Provenance makes that chain navigable:

record ──provenance.event_ids──▶ event ──event.session_id──▶ session

If a record looks wrong, the original event is recoverable. If the original event looks wrong, the originating session is identifiable. The chain bottoms out at something concrete.

When a record supersedes another, the new record’s provenance includes supersedes: <old_id>. The old record’s frontmatter is updated to point forward: superseded_by: <new_id>. Both directions are explicit.

This means superseding is not a destructive operation. A reader landing on either the old or the new record can navigate to the other.

A distillation summary’s provenance includes derived_from: [list of record IDs]. Anyone reading the summary can drill into every record it was built from.

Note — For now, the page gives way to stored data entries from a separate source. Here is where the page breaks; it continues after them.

(* Let $w,\Delta w\in\mathbb{R}$ with $w+\Delta w\neq 0$, and let $x\in\mathbb{R}$ with fractional part $\operatorname{frac}(x)=x-\lfloor x\rfloor$. Define the element-wise error $\mathrm{error}^{EW}(\delta)=(w+\Delta w)\,\delta+\Delta w\, x$ for $\delta\in\mathbb{R}$, the rounding-down and rounding-up perturbations $\Delta x^{-}=-\operatorname{frac}(x)$ and $\Delta x^{+}=1-\operatorname{frac}(x)$, and the border $B^E(x)=\frac{\Delta w}{w+\Delta w}\,x+\frac{1}{2}$. Then: (i) if $\operatorname{frac}(x)<B^E(x)$, then $\mathrm{error}^{EW}(\Delta x^{-})^2<\mathrm{error}^{EW}(\Delta x^{+})^2$; (ii) if $\operatorname{frac}(x)>B^E(x)$, then $\mathrm{error}^{EW}(\Delta x^{-})^2>\mathrm{error}^{EW}(\Delta x^{+})^2$. That is, the border $B^E$ is valid: rounding $x$ down when its fractional part is below $B^E(x)$ and up when it is above gives the smaller squared element-wise error.
   Context: All quantities are scaled by the quantization step size. $w$ is a weight value, $\Delta w$ its quantization error, $x$ an activation value; quantizing $x$ to an integer adds either $\Delta x^{-}$ (rounding down) or $\Delta x^{+}$ (rounding up). The element-wise error of the quantized product $(w+\Delta w)(x+\delta)$ relative to $wx$ is $(w+\Delta w)\delta+\Delta w x$. A border function $B$ is called valid if for every $x$ with $\operatorname{frac}(x)<B(x)$ rounding down gives strictly smaller squared element-wise error than rounding up, and vice versa. *)

theory Defs
  imports Complex_Main
begin

definition error_EW :: "real \<Rightarrow> real \<Rightarrow> real \<Rightarrow> real \<Rightarrow> real" where
  "error_EW w dw x \<delta> = (w + dw) * \<delta> + dw * x"

definition dx_minus :: "real \<Rightarrow> real" where
  "dx_minus x = - frac x"

definition dx_plus :: "real \<Rightarrow> real" where
  "dx_plus x = 1 - frac x"

definition border_E :: "real \<Rightarrow> real \<Rightarrow> real \<Rightarrow> real" where
  "border_E w dw x = dw / (w + dw) * x + 1 / 2"

end

theory Submission
  imports Defs
begin

(* The two errors differ by exactly w + dw, so the difference of their squares is
   w + dw times their sum, which is affine in frac x and vanishes at the border. *)
lemma error_EW_round_up_minus_round_down:
  fixes w dw x :: real
  assumes "w + dw \<noteq> 0"
  shows "(error_EW w dw x (dx_plus x))\<^sup>2 - (error_EW w dw x (dx_minus x))\<^sup>2
       = 2 * (w + dw)\<^sup>2 * (border_E w dw x - frac x)"
  using assms
  by (simp add: error_EW_def dx_plus_def dx_minus_def border_E_def field_simps power2_eq_square)

theorem theorem1:
  fixes w dw x :: real
  assumes "w + dw \<noteq> 0"
  shows "(frac x < border_E w dw x \<longrightarrow>
            (error_EW w dw x (dx_minus x))\<^sup>2 < (error_EW w dw x (dx_plus x))\<^sup>2)
       \<and> (frac x > border_E w dw x \<longrightarrow>
            (error_EW w dw x (dx_minus x))\<^sup>2 > (error_EW w dw x (dx_plus x))\<^sup>2)"
proof -
  let ?gap = "(error_EW w dw x (dx_plus x))\<^sup>2 - (error_EW w dw x (dx_minus x))\<^sup>2"
  have "2 * (w + dw)\<^sup>2 > 0"
    using assms by simp
  then have "?gap > 0 \<longleftrightarrow> frac x < border_E w dw x"
    and "?gap < 0 \<longleftrightarrow> frac x > border_E w dw x"
    unfolding error_EW_round_up_minus_round_down [OF assms]
    by (simp_all add: zero_less_mult_iff mult_less_0_iff)
  then show ?thesis
    by linarith
qed

end
(* For each integer $N\ge 1$ let $\Gamma_N$ be the $(N+1,2)$-PPCFG with nonterminals $\{\mathtt{START},X_1,\dots,X_N\}$, terminals $\{0,1\}$, start symbol $\mathtt{START}$, and the following $N+1$ production groups: the group $(\mathtt{START}\to X_1X_2\cdots X_N,\ \mathtt{START}\to X_1X_2\cdots X_N)$, and for each $k\in\{1,\dots,N\}$ the group $(X_k\to 0,\ X_k\to 1)$. Consider any (deterministic) learning algorithm that, for every parameter setting $p^*\in\{1,2\}^{N+1}$ taken as the unknown target, interacts with a membership oracle for $L(\Gamma_{N,p^*})$ and an equivalence oracle for $L(\Gamma_{N,p^*})$ (whose hypotheses are of the form $\Gamma_{N,p}$, and which answers ``true'' if $L(\Gamma_{N,p})=L(\Gamma_{N,p^*})$ and otherwise returns a string in the symmetric difference $L(\Gamma_{N,p})\,\Delta\,L(\Gamma_{N,p^*})$), and which eventually outputs a parameter setting $p$ with $L(\Gamma_{N,p})=L(\Gamma_{N,p^*})$. Then there is a target $p^*$ and a choice of oracle answers consistent with it for which the algorithm makes at least $2^N-1$ queries. Consequently, there is no algorithm that learns the PPCFGs from equivalence and membership queries using a number of queries bounded by a polynomial in $n$ and $k$.
   Context: An $(n,k)$-principled parametric context-free grammar ($(n,k)$-PPCFG) is a 4-tuple $\Gamma=(V,\Sigma,\Pi,S)$ where $V$ is a finite set of nonterminals, $\Sigma$ a finite set of terminals, $S\in V$ the start symbol, and $\Pi$ a list of $n$ production groups, the $i$-th group being a $k$-tuple of context-free productions $\Pi_{i,1},\dots,\Pi_{i,k}$, each of the form $A\to\alpha$ with $A\in V$, $\alpha\in(V\cup\Sigma)^*$. A parameter setting is $p=(p_1,\dots,p_n)$ with each $p_i\in\{1,\dots,k\}$; $\Gamma_p$ denotes the ordinary context-free grammar $(V,\Sigma,R,S)$ with $R=\{\Pi_{i,p_i}: 1\le i\le n\}$, and $L(\Gamma_p)$ its language. A membership oracle for $L$ takes a string $w$ and answers whether $w\in L$. The class of PPCFGs is learnable from equivalence and membership queries if there is an algorithm which, for every PPCFG $\Gamma$ and every target language of the form $L(\Gamma_{p^*})$, after finitely many queries outputs some $p$ with $L(\Gamma_p)=L(\Gamma_{p^*})$; it does so efficiently if the number of queries is bounded by a polynomial in $n$ and $k$. *)

theory Defs
  imports Main
begin
lemma countably_tight_at_closure_of_Int_sequence:
  fixes A :: "nat \<Rightarrow> 'a set"
  assumes "countably_tight_at X p" "\<And>n. A n \<subseteq> topspace X" "\<And>n. p \<in> X closure_of A n"
  obtains e :: "nat \<Rightarrow> 'a" where "\<And>n. p \<in> X closure_of (A n \<inter> range e)"
proof -
  have "\<forall>n. \<exists>B\<subseteq>A n. countable B \<and> p \<in> X closure_of B"
    using assms unfolding countably_tight_at_def by blast
  then obtain B where B: "\<And>n. B n \<subseteq> A n" "\<And>n. countable (B n)" "\<And>n. p \<in> X closure_of B n"
    by metis
  define T where "T = (\<Union>n. B n)"
  have "B 0 \<noteq> {}"
    using B(3)[of 0] by (metis closure_of_empty empty_iff)
  then have "T \<noteq> {}"
    by (auto simp: T_def)
  moreover have "countable T"
    using B(2) by (simp add: T_def)
  ultimately have "range (from_nat_into T) = T"
    by simp
  then have "B n \<subseteq> A n \<inter> range (from_nat_into T)" for n
    using B(1) by (auto simp: T_def)
  then have "p \<in> X closure_of (A n \<inter> range (from_nat_into T))" for n
    using B(3)[of n] closure_of_mono by blast
  then show thesis
    by (rule that)
qed

lemma countably_tight_at_obtain_selectors:
  fixes A :: "nat \<Rightarrow> 'a set"
  assumes "countably_tight_at X p" "\<And>n. A n \<subseteq> topspace X" "\<And>n. p \<in> X closure_of A n"
  obtains v :: "(nat \<Rightarrow> bool) \<Rightarrow> nat \<Rightarrow> 'a"
  where "\<And>c n. v c n \<in> A n" "\<And>U. openin X U \<Longrightarrow> p \<in> U \<Longrightarrow> \<exists>c. \<forall>n. v c n \<in> U"
proof -
  obtain e :: "nat \<Rightarrow> 'a" where e: "\<And>n. p \<in> X closure_of (A n \<inter> range e)"
    using assms by (rule countably_tight_at_closure_of_Int_sequence[of X p A]) blast
  define v where "v c n = (SOME x. x \<in> A n \<and> (A n \<inter> e ` Collect c \<noteq> {} \<longrightarrow> x \<in> e ` Collect c))"
    for c n
  have "A n \<noteq> {}" for n
    using assms(3)[of n] by (metis closure_of_empty empty_iff)
  then have "\<exists>x. x \<in> A n \<and> (A n \<inter> e ` Collect c \<noteq> {} \<longrightarrow> x \<in> e ` Collect c)" for c n
    by blast
  then have v: "v c n \<in> A n \<and> (A n \<inter> e ` Collect c \<noteq> {} \<longrightarrow> v c n \<in> e ` Collect c)" for c n
    unfolding v_def by (rule someI_ex)
  have hit: "\<forall>n. v (\<lambda>i. e i \<in> U) n \<in> U" if "openin X U" "p \<in> U" for U
  proof
    fix n
    have "U \<inter> (A n \<inter> range e) \<noteq> {}"
      using openin_Int_closure_of_eq_empty[OF that(1)] e[of n] that(2) by blast
    then have "A n \<inter> e ` {i. e i \<in> U} \<noteq> {}"
      by blast
    then have "v (\<lambda>i. e i \<in> U) n \<in> e ` {i. e i \<in> U}"
      using v[of "\<lambda>i. e i \<in> U" n] by simp
    then show "v (\<lambda>i. e i \<in> U) n \<in> U"
      by auto
  qed
  show thesis
  proof (rule that)
    show "v c n \<in> A n" for c n
      using v[of c n] by (rule conjunct1)
    show "\<exists>c. \<forall>n. v c n \<in> U" if "openin X U" "p \<in> U" for U
      using hit[OF that] by (rule exI[of _ "\<lambda>i. e i \<in> U"])
  qed
qed

definition prefix_code :: "(nat \<Rightarrow> bool) \<Rightarrow> nat \<Rightarrow> nat" where
  "prefix_code c k = to_nat (map c [0..<k])"

lemma finite_prefix_code_collisions:
  assumes "c \<noteq> c'"
  shows "finite {k. prefix_code c k \<in> range (prefix_code c')}"
proof -
  obtain d where d: "c d \<noteq> c' d"
    using assms by blast
  have "k \<le> d" if "prefix_code c k = prefix_code c' k'" for k k'
  proof (rule ccontr)
    assume "\<not> k \<le> d"
    have prefixes: "map c [0..<k] = map c' [0..<k']"
      using that by (simp add: prefix_code_def)
    then have "length (map c [0..<k]) = length (map c' [0..<k'])"
      by (rule arg_cong)
    then have "k = k'"
      by simp
    with prefixes \<open>\<not> k \<le> d\<close> have "c d = c' d"
      by (metis diff_zero length_upt not_le nth_map nth_upt plus_nat.add_0)
    with d show False ..
  qed
  then have "{k. prefix_code c k \<in> range (prefix_code c')} \<subseteq> {..d}"
    by auto
  then show ?thesis
    using finite_subset by blast
qed

lemma almost_agreeing_selection:
  fixes level :: "'i \<Rightarrow> nat \<Rightarrow> nat" and v :: "'i \<Rightarrow> nat \<Rightarrow> 'x"
  assumes K: "countable K" and vA: "\<And>i n. i \<in> K \<Longrightarrow> v i n \<in> A n" and A: "\<And>n. A n \<noteq> {}"
    and almost_disjoint:
      "\<And>i j. i \<in> K \<Longrightarrow> j \<in> K \<Longrightarrow> i \<noteq> j \<Longrightarrow> finite {k. level i k \<in> range (level j)}"
  obtains g where "\<And>n. g n \<in> A n" "\<And>i. i \<in> K \<Longrightarrow> finite {k. g (level i k) \<noteq> v i (level i k)}"
  \<comment> \<open>\<open>g n\<close> follows the first spine of an enumeration of \<open>K\<close> that reaches level \<open>n\<close>; a spine
    loses only the levels it shares with one of its finitely many predecessors.\<close>
proof -
  define ch where "ch = from_nat_into K"
  define reached where "reached n \<longleftrightarrow> K \<noteq> {} \<and> (\<exists>j. n \<in> range (level (ch j)))" for n
  define first where "first n = (LEAST j. n \<in> range (level (ch j)))" for n
  define g where "g n = (if reached n then v (ch (first n)) n else (SOME x. x \<in> A n))" for n
  have "g n \<in> A n" for n
    using vA A from_nat_into[of K] by (simp add: g_def reached_def ch_def some_in_eq)
  moreover have "finite {k. g (level i k) \<noteq> v i (level i k)}" if "i \<in> K" for i
  proof -
    obtain j where j: "ch j = i"
      using from_nat_into_surj[OF K \<open>i \<in> K\<close>] by (auto simp: ch_def)
    define F where "F = (\<Union>j'\<in>{j'. j' < j \<and> ch j' \<noteq> i}. {k. level i k \<in> range (level (ch j'))})"
    have "finite F"
      unfolding F_def using almost_disjoint \<open>i \<in> K\<close> from_nat_into[of K] by (force simp: ch_def)
    moreover have "g (level i k) = v i (level i k)" if "k \<notin> F" for k
    proof -
      let ?n = "level i k"
      have "?n \<in> range (level (ch j))"
        using j by simp
      then have reached: "reached ?n" and first_le: "first ?n \<le> j"
        using \<open>i \<in> K\<close> by (auto simp: reached_def first_def intro: Least_le)
      have "?n \<in> range (level (ch (first ?n)))"
        unfolding first_def by (rule LeastI[of _ j]) (use j in simp)
      then have "ch (first ?n) = i"
        using \<open>k \<notin> F\<close> first_le j unfolding F_def by (fastforce simp: le_less)
      then show ?thesis
        using reached by (simp add: g_def)
    qed
    then have "{k. g (level i k) \<noteq> v i (level i k)} \<subseteq> F"
      by blast
    ultimately show ?thesis
      by (rule finite_subset[rotated])
  qed
  ultimately show thesis
    using that by blast
qed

This is what makes summaries trustworthy. They are not opaque restatements; they are pointers into specific original material.

The default failure mode of AI memory is hallucinated detail: the system remembers the gist but cannot recover the specifics. Asked “where did this come from?”, the answer is “I’m not sure.”

Provenance makes that failure impossible. Every record either knows where it came from or it is malformed. There is no third state. A record cannot quietly forget its origin while staying in the store, because the normalizer would have refused to write it.

Provenance covers static lineage. The access events table covers dynamic usage. Together they answer two distinct questions:

  • Where did this record come from? (Static. Provenance.)
  • When was this record actually used? (Dynamic. Access events.)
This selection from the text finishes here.